Data shown: Begin

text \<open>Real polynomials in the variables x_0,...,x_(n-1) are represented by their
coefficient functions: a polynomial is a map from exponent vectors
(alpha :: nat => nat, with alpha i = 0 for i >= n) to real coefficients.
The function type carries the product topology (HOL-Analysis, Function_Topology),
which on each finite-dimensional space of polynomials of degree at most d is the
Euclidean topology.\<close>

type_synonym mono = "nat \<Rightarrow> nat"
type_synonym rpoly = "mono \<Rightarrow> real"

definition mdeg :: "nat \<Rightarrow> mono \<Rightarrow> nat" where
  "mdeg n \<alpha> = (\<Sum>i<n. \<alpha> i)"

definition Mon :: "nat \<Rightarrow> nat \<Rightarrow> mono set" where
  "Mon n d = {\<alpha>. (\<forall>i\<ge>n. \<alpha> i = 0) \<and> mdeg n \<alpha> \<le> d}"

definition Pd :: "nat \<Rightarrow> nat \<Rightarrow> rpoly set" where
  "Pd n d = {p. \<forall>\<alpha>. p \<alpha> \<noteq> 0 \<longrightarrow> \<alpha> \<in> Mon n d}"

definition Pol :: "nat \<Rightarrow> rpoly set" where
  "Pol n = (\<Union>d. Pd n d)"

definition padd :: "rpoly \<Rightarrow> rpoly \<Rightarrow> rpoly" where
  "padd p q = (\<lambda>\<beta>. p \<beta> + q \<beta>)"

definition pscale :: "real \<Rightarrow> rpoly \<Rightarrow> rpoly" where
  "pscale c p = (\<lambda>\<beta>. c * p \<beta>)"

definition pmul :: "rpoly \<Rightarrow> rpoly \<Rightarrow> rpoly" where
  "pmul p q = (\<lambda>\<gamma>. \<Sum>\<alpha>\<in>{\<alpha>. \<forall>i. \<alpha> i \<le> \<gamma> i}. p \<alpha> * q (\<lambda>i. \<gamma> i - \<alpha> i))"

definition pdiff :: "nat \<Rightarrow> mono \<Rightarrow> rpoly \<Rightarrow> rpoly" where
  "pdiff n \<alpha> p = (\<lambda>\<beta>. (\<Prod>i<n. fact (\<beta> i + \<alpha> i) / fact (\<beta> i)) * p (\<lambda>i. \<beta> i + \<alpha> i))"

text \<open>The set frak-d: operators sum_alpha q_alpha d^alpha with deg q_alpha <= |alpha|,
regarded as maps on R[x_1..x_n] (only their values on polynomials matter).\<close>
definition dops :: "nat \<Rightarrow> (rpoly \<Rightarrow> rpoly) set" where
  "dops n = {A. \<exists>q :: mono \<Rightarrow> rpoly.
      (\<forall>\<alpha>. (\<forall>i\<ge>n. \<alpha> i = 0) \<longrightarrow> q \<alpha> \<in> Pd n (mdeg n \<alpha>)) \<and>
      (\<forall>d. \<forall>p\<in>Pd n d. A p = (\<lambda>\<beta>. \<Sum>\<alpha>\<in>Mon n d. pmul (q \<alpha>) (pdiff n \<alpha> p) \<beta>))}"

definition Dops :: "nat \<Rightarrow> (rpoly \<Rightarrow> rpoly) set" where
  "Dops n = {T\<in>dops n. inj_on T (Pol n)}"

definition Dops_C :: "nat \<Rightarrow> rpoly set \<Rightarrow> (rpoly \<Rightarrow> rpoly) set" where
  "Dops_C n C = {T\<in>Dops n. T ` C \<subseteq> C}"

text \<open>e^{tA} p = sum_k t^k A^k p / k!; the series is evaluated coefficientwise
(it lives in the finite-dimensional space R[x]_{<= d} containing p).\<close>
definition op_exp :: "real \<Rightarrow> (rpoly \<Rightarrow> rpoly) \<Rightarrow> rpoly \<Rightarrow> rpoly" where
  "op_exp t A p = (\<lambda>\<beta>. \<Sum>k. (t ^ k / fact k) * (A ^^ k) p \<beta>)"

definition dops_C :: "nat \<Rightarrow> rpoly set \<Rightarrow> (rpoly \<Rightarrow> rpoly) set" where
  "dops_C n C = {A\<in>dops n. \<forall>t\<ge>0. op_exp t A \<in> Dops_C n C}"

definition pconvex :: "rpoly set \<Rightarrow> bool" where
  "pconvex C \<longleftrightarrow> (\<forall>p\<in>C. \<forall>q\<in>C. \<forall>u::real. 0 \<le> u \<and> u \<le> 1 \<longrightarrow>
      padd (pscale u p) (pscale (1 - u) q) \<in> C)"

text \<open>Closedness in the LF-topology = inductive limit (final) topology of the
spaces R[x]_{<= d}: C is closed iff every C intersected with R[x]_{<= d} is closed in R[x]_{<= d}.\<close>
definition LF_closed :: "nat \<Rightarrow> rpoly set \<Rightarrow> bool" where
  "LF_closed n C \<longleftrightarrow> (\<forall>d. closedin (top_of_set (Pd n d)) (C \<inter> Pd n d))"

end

Data shown: End

● Problem statement
The response should contain only a verbatim copy of the lines from the line with "text \<open>Closedness in" to the final line of the records.

● Final answer
text \<open>Closedness in the LF-topology = inductive limit (final) topology of the
spaces R[x]_{<= d}: C is closed iff every C intersected with R[x]_{<= d} is closed in R[x]_{<= d}.\<close>
definition LF_closed :: "nat \<Rightarrow> rpoly set \<Rightarrow> bool" where
  "LF_closed n C \<longleftrightarrow> (\<forall>d. closedin (top_of_set (Pd n d)) (C \<inter> Pd n d))"

end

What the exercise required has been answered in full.